Why did the GAO do this study?
Cyber threats to critical infrastructure IoT and OT are a significant national security concern. Recent incidents such as ransomware attacks targeting healthcare and essential services during the COVID-19 pandemic demonstrate the cyber threats facing the nation’s critical infrastructure. Congress included provisions in the IoT Cybersecurity Improvement Act of 2020 to require GAO to report on IoT and OT cybersecurity efforts.

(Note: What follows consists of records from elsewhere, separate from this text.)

lemma periodic_add_mult:
  fixes F :: "int \<Rightarrow> 'a"
  assumes "\<And>x. F (x + p) = F x"
  shows "F (x + p * n) = F x"
proof (induction n rule: int_induct[where k=0])
  case (step1 n)
  then show ?case using assms[of "x + p * n"] by (simp add: algebra_simps)
next
  case (step2 n)
  then show ?case using assms[of "x + p * (n - 1)"] by (simp add: algebra_simps)
qed simp

lemma periodic_mod:
  fixes F :: "int \<Rightarrow> 'a"
  assumes "\<And>x. F (x + p) = F x"
  shows "F (x mod p) = F x"
  using periodic_add_mult[of F p, OF assms, of "x mod p" "x div p"] by simp

lemma sum_periodic_shift:
  fixes F :: "int \<Rightarrow> 'a::comm_monoid_add"
  assumes "d > 0" and "\<And>x. F (x + int d) = F x"
  shows "(\<Sum>t<d. F (s + int t)) = (\<Sum>t<d. F (int t))"
proof -
  have "(\<Sum>t<d. F (s + int t)) = (\<Sum>t<d. F (int (nat ((s + int t) mod int d))))"
    using periodic_mod[of F, OF assms(2)] assms(1) by simp
  also have "\<dots> = (\<Sum>t<d. F (int t))"
  proof (rule sum.reindex_bij_witness[where j="\<lambda>t. nat ((s + int t) mod int d)"
        and i="\<lambda>u. nat ((int u - s) mod int d)"])
    fix t assume "t \<in> {..<d}"
    then show "nat ((int (nat ((s + int t) mod int d)) - s) mod int d) = t"
      using assms(1) by (simp add: mod_diff_left_eq)
  next
    fix u assume "u \<in> {..<d}"
    then show "nat ((s + int (nat ((int u - s) mod int d))) mod int d) = u"
      using assms(1) by (simp add: mod_add_right_eq)
  qed (use assms(1) in \<open>auto simp: nat_less_iff\<close>)
  finally show ?thesis .
qed

section \<open>Quadratic Gauss sums\<close>

text \<open>\<open>tri x = x(x-1)/2\<close> stands in for \<open>x\<^sup>2/2\<close>: it is an integer, so quadratic phases can be
  written without inverting \<open>2\<close> modulo \<open>d\<close>.\<close>

definition tri :: "int \<Rightarrow> int" where
  "tri x = x * (x - 1) div 2"

lemma tri_0 [simp]: "tri 0 = 0"
  unfolding tri_def by simp

lemma two_tri: "2 * tri x = x * (x - 1)"
  unfolding tri_def by simp

lemma tri_add: "tri (x + y) = tri x + tri y + x * y"
proof -
  have "2 * tri (x + y) = 2 * (tri x + tri y + x * y)"
    by (simp only: two_tri distrib_left) (simp add: two_tri algebra_simps)
  then show ?thesis by simp
qed

lemma tri_of_odd:
  assumes "odd d"
  shows "tri (int d) = int d * ((int d - 1) div 2)"
proof -
  have "2 * tri (int d) = 2 * (int d * ((int d - 1) div 2))"
    using assms by (simp add: two_tri)
  then show ?thesis by simp
qed

lemma omega_int_quadratic_periodic:
  assumes "odd d"
  shows "omega_int d (A * (x + int d) + B * tri (x + int d)) = omega_int d (A * x + B * tri x)"
proof -
  have "d > 0" using assms by (cases d) auto
  have "A * (x + int d) + B * tri (x + int d)
      = (A * x + B * tri x) + int d * (A + B * ((int d - 1) div 2) + B * x)"
    by (simp add: tri_add tri_of_odd[OF assms] algebra_simps)
  then show ?thesis
    using omega_int_eq_1_iff[OF \<open>d > 0\<close>] by (simp add: omega_int_add)
qed

lemma quadratic_gauss_sum_norm:
  assumes "prime d" and "odd d" and "\<not> int d dvd B"
  shows "(cmod (\<Sum>b<d. omega_int d (A * int b + B * tri (int b))))\<^sup>2 = real d"
proof -
  have d: "d > 0" using assms prime_gt_0_nat by blast
  define q where "q x = A * x + B * tri x" for x
  define G where "G = (\<Sum>b<d. omega_int d (q (int b)))"
  have q_shift: "q (b + t) - q b = q t + b * (B * t)" for b t
    unfolding q_def by (simp add: tri_add algebra_simps)
  have q_periodic: "omega_int d (q (x + int d)) = omega_int d (q x)" for x
    unfolding q_def by (rule omega_int_quadratic_periodic[OF assms(2)])
  have inner_sum: "(\<Sum>b<d. omega_int d (q (int b) - q (int b')))
      = (\<Sum>t<d. omega_int d (q (int t)) * omega_int d (int b' * (B * int t)))" for b'
  proof -
    have "omega_int d (q (x + int d) - q (int b')) = omega_int d (q x - q (int b'))" for x
      using q_periodic[of x] by (simp only: diff_conv_add_uminus omega_int_add)
    from sum_periodic_shift[where F="\<lambda>x. omega_int d (q x - q (int b'))", OF d this, of "int b'"]
    have "(\<Sum>b<d. omega_int d (q (int b) - q (int b')))
        = (\<Sum>t<d. omega_int d (q (int b' + int t) - q (int b')))"
      by simp
    also have "\<dots> = (\<Sum>t<d. omega_int d (q (int t)) * omega_int d (int b' * (B * int t)))"
      by (simp only: q_shift omega_int_add mult.assoc)
    finally show ?thesis .
  qed
  have dvd_iff: "int d dvd B * int t \<longleftrightarrow> t = 0" if "t < d" for t
  proof
    assume "int d dvd B * int t"
    then have "int d dvd int t" using assms(1,3) by (simp add: prime_dvd_mult_iff)
    then show "t = 0" using that by (auto dest: zdvd_imp_le simp: of_nat_dvd_iff)
  qed simp
  have "G * cnj G = (\<Sum>b'<d. \<Sum>b<d. omega_int d (q (int b) - q (int b')))"
    unfolding G_def cnj_sum sum_product
    by (subst sum.swap) (simp add: cnj_omega_int omega_int_add[symmetric])
  also have "\<dots> = (\<Sum>t<d. omega_int d (q (int t)) * (\<Sum>b'<d. omega_int d (int b' * (B * int t))))"
    unfolding inner_sum sum_distrib_left by (rule sum.swap)
  also have "\<dots> = (\<Sum>t<d. if t = 0 then of_nat d else 0)"
    using d dvd_iff by (intro sum.cong refl) (simp add: sum_omega_int q_def)
  also have "\<dots> = of_nat d" using d by simp
  finally have "G * cnj G = of_nat d" .
  then show ?thesis
    unfolding G_def q_def by (metis complex_norm_square of_real_eq_iff of_real_of_nat_eq)
qed

lemma mod_add_right_inj:
  fixes b c n d :: nat
  assumes "b < d" and "c < d"
  shows "(b + n) mod d = (c + n) mod d \<longleftrightarrow> b = c"
  using assms cong_add_rcancel_nat[of b n c d] by (simp add: cong_def)

lemma dvd_diff_less_iff:
  assumes "b < d" and "k < d"
  shows "int d dvd (int b - int k) \<longleftrightarrow> b = k"
proof
  assume dv: "int d dvd (int b - int k)"
  show "b = k"
  proof (rule ccontr)
    assume "b \<noteq> k"
    then have "int b - int k \<noteq> 0" by simp
    from dvd_imp_le_int[OF this dv] show False using assms by arith
  qed
qed simp

lemma bij_betw_add_mod:
  fixes t d :: nat
  shows "bij_betw (\<lambda>b. (b + t) mod d) {..<d} {..<d}"
proof -
  have "inj_on (\<lambda>b. (b + t) mod d) {..<d}"
  proof (rule inj_onI)
    fix x y assume "x \<in> {..<d}" "y \<in> {..<d}" "(x + t) mod d = (y + t) mod d"
    then show "x = y" using mod_add_right_inj[of x d y t] by simp
  qed
  moreover have "(\<lambda>b. (b + t) mod d) ` {..<d} = {..<d}"
    using calculation by (intro endo_inj_surj) auto
  ultimately show ?thesis unfolding bij_betw_def ..
qed

lemma index_mult_mat_lessThan:
  assumes "A \<in> carrier_mat n m" and "B \<in> carrier_mat m l" and "i < n" and "j < l"
  shows "(A * B) $$ (i, j) = (\<Sum>c<m. A $$ (i, c) * B $$ (c, j))"
  using assms by (simp add: scalar_prod_def lessThan_atLeast0)

lemma index_mult_mat_vec_lessThan:
  assumes "A \<in> carrier_mat n m" and "v \<in> carrier_vec m" and "i < n"
  shows "(A *\<^sub>v v) $ i = (\<Sum>c<m. A $$ (i, c) * v $ c)"
  using assms by (simp add: scalar_prod_def lessThan_atLeast0)

lemma sum_lessThan_delta:
  fixes f :: "nat \<Rightarrow> 'a::comm_monoid_add"
  shows "t < d \<Longrightarrow> (\<Sum>c<d. if c = t then f c else 0) = f t"
  by (subst sum.delta) auto

lemma shiftX_carrier [simp]: "shiftX d \<in> carrier_mat d d"
  unfolding shiftX_def by simp

lemma clockZ_carrier [simp]: "clockZ d \<in> carrier_mat d d"
  unfolding clockZ_def by simp

lemma displ_carrier [simp]: "displ d p \<in> carrier_mat d d"
  unfolding displ_def by (simp add: mult_carrier_mat[of _ d d _ d])

lemma dim_displ [simp]: "dim_row (displ d p) = d" "dim_col (displ d p) = d"
  using displ_carrier[of d p] unfolding carrier_mat_def by auto

lemma index_shiftX:
  "i < d \<Longrightarrow> b < d \<Longrightarrow> shiftX d $$ (i, b) = (if i = (b + 1) mod d then 1 else 0)"
  unfolding shiftX_def by simp

lemma index_clockZ:
  "i < d \<Longrightarrow> b < d \<Longrightarrow> clockZ d $$ (i, b) = (if i = b then omega_int d (int i) else 0)"
  unfolding clockZ_def by (simp add: omega_power)

lemma index_shiftX_power:
  assumes "i < d" and "b < d"
  shows "(shiftX d ^\<^sub>m n) $$ (i, b) = (if i = (b + n) mod d then 1 else 0)"
  using assms
proof (induction n arbitrary: i b)
  case 0
  then show ?case by (simp add: shiftX_def)
next
  case (Suc n)
  have "(shiftX d ^\<^sub>m Suc n) $$ (i, b)
      = (\<Sum>c<d. (shiftX d ^\<^sub>m n) $$ (i, c) * shiftX d $$ (c, b))"
    using Suc.prems
    by (simp only: pow_mat.simps(2), intro index_mult_mat_lessThan[of _ d d _ d]) simp_all
  also have "\<dots> = (\<Sum>c<d. if c = (b + 1) mod d then (if i = (c + n) mod d then 1 else 0) else 0)"
    using Suc.prems by (intro sum.cong) (auto simp: Suc.IH index_shiftX)
  also have "\<dots> = (if i = (b + Suc n) mod d then 1 else 0)"
    using Suc.prems by (subst sum_lessThan_delta) (auto simp: mod_add_left_eq)
  finally show ?case .
qed

lemma index_clockZ_power:
  assumes "i < d" and "b < d"
  shows "(clockZ d ^\<^sub>m n) $$ (i, b) = (if i = b then omega_int d (int i * int n) else 0)"
  using assms
proof (induction n arbitrary: i b)
  case 0
  then show ?case by (simp add: clockZ_def)
next
  case (Suc n)
  have "(clockZ d ^\<^sub>m Suc n) $$ (i, b)
      = (\<Sum>c<d. (clockZ d ^\<^sub>m n) $$ (i, c) * clockZ d $$ (c, b))"
    using Suc.prems
    by (simp only: pow_mat.simps(2), intro index_mult_mat_lessThan[of _ d d _ d]) simp_all
  also have "\<dots> = (\<Sum>c<d. if c = i then
      (if i = b then omega_int d (int i * int n) * omega_int d (int i) else 0) else 0)"
    using Suc.prems by (intro sum.cong) (auto simp: Suc.IH index_clockZ)
  also have "\<dots> = (if i = b then omega_int d (int i * int (Suc n)) else 0)"
    using Suc.prems by (subst sum_lessThan_delta) (auto simp: omega_int_add[symmetric] algebra_simps)
  finally show ?case .
qed

lemma index_displ:
  assumes "a < d" and "b < d"
  shows "displ d (p1, p2) $$ (a, b)
    = (if a = (b + p1) mod d then tau d ^ (p1 * p2) * omega_int d (int b * int p2) else 0)"
proof -
  have "(shiftX d ^\<^sub>m p1 * clockZ d ^\<^sub>m p2) $$ (a, b)
      = (\<Sum>c<d. (shiftX d ^\<^sub>m p1) $$ (a, c) * (clockZ d ^\<^sub>m p2) $$ (c, b))"
    using assms by (intro index_mult_mat_lessThan[of _ d d _ d]) simp_all
  also have "\<dots> = (\<Sum>c<d. if c = b then
      (if a = (b + p1) mod d then omega_int d (int b * int p2) else 0) else 0)"
    using assms by (intro sum.cong) (auto simp: index_shiftX_power index_clockZ_power)
  also have "\<dots> = (if a = (b + p1) mod d then omega_int d (int b * int p2) else 0)"
    using assms by (simp add: sum_lessThan_delta)
  moreover have "shiftX d ^\<^sub>m p1 * clockZ d ^\<^sub>m p2 \<in> carrier_mat d d"
    by (simp add: mult_carrier_mat[of _ d d _ d])
  ultimately show ?thesis
    using assms unfolding displ_def by (simp del: index_mult_mat)
qed

lemma index_displ_mult_vec_shift:
  assumes "v \<in> carrier_vec d" and "b < d"
  shows "(displ d (p1, p2) *\<^sub>v v) $ ((b + p1) mod d)
    = tau d ^ (p1 * p2) * omega_int d (int b * int p2) * v $ b"
proof -
  have "(displ d (p1, p2) *\<^sub>v v) $ ((b + p1) mod d)
      = (\<Sum>c<d. displ d (p1, p2) $$ ((b + p1) mod d, c) * v $ c)"
    using assms by (intro index_mult_mat_vec_lessThan[of _ d d]) simp_all
  also have "\<dots> = (\<Sum>c<d. if c = b then tau d ^ (p1 * p2) * omega_int d (int c * int p2) * v $ c else 0)"
    using assms by (intro sum.cong) (auto simp: index_displ mod_add_right_inj)
  also have "\<dots> = tau d ^ (p1 * p2) * omega_int d (int b * int p2) * v $ b"
    using assms(2) by (rule sum_lessThan_delta)
  finally show ?thesis .
qed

This report describes (1) overall federal IoT and OT cybersecurity initiatives; (2) evaluates the actions of selected federal agencies with lead sector responsibilities to enhance IoT and OT cybersecurity; and (3) establishes lead guidance for addressing IoT cybersecurity and determines the status of OMB’s process for waiving cybersecurity requirements for IoT devices. To describe common initiatives, GAO analyzed relevant guidance and related documents from several federal agencies.
To assess the lead agency’s actions, GAO first identified six critical infrastructure sectors deemed to be at greatest risk of cyber compromise. From these six, GAO then selected three sectors for review that make extensive use of IoT and OT devices and systems. The three sectors were energy, health and public health, and transportation systems. For each of these, GAO analyzed documents, met with sector officials, and compared the lead agency’s actions with federal requirements.
GAO also analyzed documents, interviewed officials from selected sectors, and compared the sector’s cybersecurity efforts to federal requirements. GAO also interviewed OMB officials regarding the status of the mandatory waiver process.